Converting a Streaming Pipeline to Batch

Batch Klio pipelines can be useful when performing backfills or when work can be done on a cadence. Batch jobs can also simplify local testing as resources to handle Pub/Sub messages are not required to be set up to kick off a job.

Config Changes

In the klio-job.yaml there are two config values that need to change in order to convert a streaming job to a batch job: the streaming field and the job_config.event input and output configurations.


Set streaming to False:

 name: my-stream-job-that-i-want-to-be-batch
   streaming: False
   <-- snip -->

Event I/O

Currently the only supported event inputs and outputs for streaming jobs are Google Cloud Pub/Sub. However there are multiple supported event configurations in batch mode, the simplest of which is a text file located locally or in GCS. Similarly, writing event outputs to a GCS file is available in batch mode by setting job_config.event.outputs.
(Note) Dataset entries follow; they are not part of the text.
definition connects :: "('e \<Rightarrow> 'n) \<Rightarrow> ('e \<Rightarrow> 'n) \<Rightarrow> 'e \<Rightarrow> 'n \<Rightarrow> 'n \<Rightarrow> bool" where
  "connects src tgt e u v \<longleftrightarrow> (src e = u \<and> tgt e = v) \<or> (src e = v \<and> tgt e = u)"

definition graph_connected :: "('e \<Rightarrow> 'n) \<Rightarrow> ('e \<Rightarrow> 'n) \<Rightarrow> bool" where
  "graph_connected src tgt \<longleftrightarrow> (\<forall>u v. (\<lambda>x y. \<exists>e. connects src tgt e x y)\<^sup>*\<^sup>* u v)"

text \<open>A cycle of the underlying undirected graph: distinct edges es ! i joining
  distinct nodes vs ! i and vs ! ((i+1) mod k), k = length es \<ge> 1.\<close>
definition is_cycle :: "('e \<Rightarrow> 'n) \<Rightarrow> ('e \<Rightarrow> 'n) \<Rightarrow> 'e list \<Rightarrow> 'n list \<Rightarrow> bool" where
  "is_cycle src tgt es vs \<longleftrightarrow> length es \<ge> 1 \<and> length vs = length es \<and> distinct es \<and> distinct vs \<and>
     (\<forall>i < length es. connects src tgt (es ! i) (vs ! i) (vs ! ((i + 1) mod length es)))"

definition gas_flow_solution ::
  "('e \<Rightarrow> 'n) \<Rightarrow> ('e \<Rightarrow> 'n) \<Rightarrow> 'e set \<Rightarrow> 'n \<Rightarrow> real \<Rightarrow> real ^ 'n \<Rightarrow> ('e \<Rightarrow> real) \<Rightarrow> ('e \<Rightarrow> real)
    \<Rightarrow> real ^ 'e \<Rightarrow> real ^ 'n \<Rightarrow> bool" where
  "gas_flow_solution src tgt Pa r psi_r q a alpha \<phi> \<psi> \<longleftrightarrow>
     \<psi> $ r = psi_r \<and>
     transpose (incidence src tgt) *v \<phi> = q \<and>
     (\<forall>l. l \<notin> Pa \<longrightarrow> \<psi> $ src l - \<psi> $ tgt l = a l * sgn (\<phi> $ l) * (\<phi> $ l)\<^sup>2) \<and>
     (\<forall>n. \<psi> $ n \<ge> 0) \<and>
     (\<forall>l\<in>Pa. \<psi> $ tgt l = alpha l * \<psi> $ src l \<and> \<phi> $ l \<ge> 0)"

end

theory Submission
  imports Defs
begin

(* Let S be the set of nodes where psi2 < psi1; it misses r, so if it is
   nonempty, connectivity yields an edge crossing the cut. A compressor edge never crosses it,
   since psi_n = alpha psi_m with alpha > 0 preserves the comparison, and on a lossy pipe the
   flow is a strictly increasing function of the pressure drop a sgn(x) x^2. Hence every edge
   carries a nonnegative net flow of phi1 - phi2 out of S and a crossing edge a positive one,
   whereas that net outflow is the sum over S of A^T (phi1 - phi2) = q - q = 0.
   Flows next: with equal pressures the lossy flows agree, so phi1 - phi2 is a circulation
   supported on compressor edges, which contain no cycle. At the end of a longest path in the
   support, conservation forces a second support edge, which either closes a cycle or extends
   the path. *)

lemma strict_mono_sgn_mult_square:
  fixes a :: real
  assumes "0 < a"
  shows "strict_mono (\<lambda>x. a * sgn x * x\<^sup>2)"
proof (rule strict_monoI)
  fix x y :: real
  assume "x < y"
  have "sgn z * z\<^sup>2 = z * \<bar>z\<bar>" for z :: real
    by (simp add: sgn_if power2_eq_square)
  moreover have "x * \<bar>x\<bar> < y * \<bar>y\<bar>"
  proof -
    consider "0 \<le> x" | "x < 0" "0 \<le> y" | "y < 0" by linarith
    then show ?thesis
    proof cases
      case 1
      then show ?thesis using \<open>x < y\<close> by (simp add: mult_strict_mono)
    next
      case 2
      then have "x * \<bar>x\<bar> < 0" "0 \<le> y * \<bar>y\<bar>" by (simp_all add: mult_neg_neg)
      then show ?thesis by linarith
    next
      case 3
      then show ?thesis using \<open>x < y\<close> mult_strict_mono[of "-y" "-x" "-y" "-x"] by simp
    qed
  qed
  ultimately show "a * sgn x * x\<^sup>2 < a * sgn y * y\<^sup>2"
    using assms by (simp add: mult.assoc)
qed

lemma transpose_incidence_mult_nth:
  "(transpose (incidence src tgt) *v \<phi>) $ n =
    (\<Sum>l\<in>UNIV. (of_bool (src l = n) - of_bool (tgt l = n)) * \<phi> $ l)"
  by (simp add: matrix_vector_mult_def transpose_def incidence_def of_bool_def)

lemma sum_transpose_incidence_mult:
  fixes src tgt :: "'e::finite \<Rightarrow> 'n::finite"
  shows "(\<Sum>n\<in>S. (transpose (incidence src tgt) *v \<phi>) $ n) =
    (\<Sum>l\<in>UNIV. (of_bool (src l \<in> S) - of_bool (tgt l \<in> S)) * \<phi> $ l)"
proof -
  have "(\<Sum>n\<in>S. (transpose (incidence src tgt) *v \<phi>) $ n) =
      (\<Sum>l\<in>UNIV. (\<Sum>n\<in>S. of_bool (src l = n) - of_bool (tgt l = n)) * \<phi> $ l)"
    by (simp only: transpose_incidence_mult_nth sum_distrib_right sum.swap[of _ S])
  also have "\<dots> = (\<Sum>l\<in>UNIV. (of_bool (src l \<in> S) - of_bool (tgt l \<in> S)) * \<phi> $ l)"
    by (simp add: sum_subtractf of_bool_def)
  finally show ?thesis .
qed

lemma rtranclp_crossing_step:
  assumes "R\<^sup>*\<^sup>* u v" "\<not> P u" "P v"
  shows "\<exists>x y. R x y \<and> \<not> P x \<and> P y"
  using assms by (induction rule: rtranclp_induct) auto

lemma graph_connected_cut_edge:
  assumes "graph_connected src tgt" "u \<notin> S" "v \<in> S"
  shows "\<exists>e. (src e \<in> S) \<noteq> (tgt e \<in> S)"
proof -
  have "(\<lambda>x y. \<exists>e. connects src tgt e x y)\<^sup>*\<^sup>* u v"
    using assms(1) by (simp add: graph_connected_def)
  then obtain x y e where "connects src tgt e x y" "x \<notin> S" "y \<in> S"
    using rtranclp_crossing_step[where P = "\<lambda>z. z \<in> S"] assms(2,3) by blast
  then show ?thesis by (auto simp: connects_def)
qed

definition is_path :: "('e \<Rightarrow> 'n) \<Rightarrow> ('e \<Rightarrow> 'n) \<Rightarrow> 'e list \<Rightarrow> 'n list \<Rightarrow> bool" where
  "is_path src tgt es vs \<longleftrightarrow> length vs = Suc (length es) \<and> distinct es \<and> distinct vs \<and>
     (\<forall>i < length es. connects src tgt (es ! i) (vs ! i) (vs ! Suc i))"

lemma is_path_last:
  assumes "is_path src tgt es vs"
  shows "last vs = vs ! length es"
proof -
  have "length vs = Suc (length es)" using assms by (simp add: is_path_def)
  then show ?thesis by (cases vs rule: rev_cases) (auto simp: nth_append)
qed

lemma is_path_snoc:
  assumes "is_path src tgt es vs" "connects src tgt e (last vs) w" "e \<notin> set es" "w \<notin> set vs"
  shows "is_path src tgt (es @ [e]) (vs @ [w])"
  using assms is_path_last[OF assms(1)] by (auto simp: is_path_def nth_append less_Suc_eq)

lemma is_path_close_cycle:
  assumes path: "is_path src tgt es vs"
    and closing: "connects src tgt e (last vs) (vs ! i)" "e \<notin> set es" "i < length vs"
  shows "is_cycle src tgt (drop i es @ [e]) (drop i vs)"
  unfolding is_cycle_def
proof (intro conjI allI impI)
  let ?k = "length es"
  have lvs: "length vs = Suc ?k" and des: "distinct es" and dvs: "distinct vs"
    and con: "\<And>j. j < ?k \<Longrightarrow> connects src tgt (es ! j) (vs ! j) (vs ! Suc j)"
    using path by (auto simp: is_path_def)
  have ik: "i \<le> ?k" using closing(3) lvs by simp
  show "distinct (drop i es @ [e])" using des closing(2) by (auto dest: in_set_dropD)
  show "distinct (drop i vs)" using dvs by simp
  show "length (drop i vs) = length (drop i es @ [e])" using lvs ik by simp
  show "1 \<le> length (drop i es @ [e])" by simp
  fix j assume j: "j < length (drop i es @ [e])"
  show "connects src tgt ((drop i es @ [e]) ! j) (drop i vs ! j)
      (drop i vs ! ((j + 1) mod length (drop i es @ [e])))"
  proof (cases "j < ?k - i")
    case True
    then show ?thesis using con[of "i + j"] ik lvs by (simp add: nth_append)
  next
    case False
    then have "j = ?k - i" using j ik by simp
    then show ?thesis using closing(1) is_path_last[OF path] ik lvs by (simp add: nth_append)
  qed
qed

lemma is_path_edge_at_last:
  assumes path: "is_path src tgt es vs" and j: "j < length es"
    and touches: "src (es ! j) = last vs \<or> tgt (es ! j) = last vs"
  shows "j = length es - 1"
proof -
  have "connects src tgt (es ! j) (vs ! j) (vs ! Suc j)"
    using path j by (simp add: is_path_def)
  then have "last vs = vs ! j \<or> last vs = vs ! Suc j"
    using touches by (auto simp: connects_def)
  then have "length es = j \<or> length es = Suc j"
    using path j by (auto simp: is_path_last is_path_def nth_eq_iff_index_eq)
  then show ?thesis using j by linarith
qed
An example of of the changes for reading and writing to a GCS file are seen below:

 name: my-stream-job-that-i-want-to-be-batch
   streaming: False
   <-- snip -->
       - type: gcs
         location: gs://my-event-input/my-input-elements.txt
       - type: gcs
         location: gs://my-event-output/


A batch job can also be converted into a streaming job in a similar matter. However, missing resources such as Pub/Sub topics and subscriptions will need to be created with the command klio job verify --create-resources.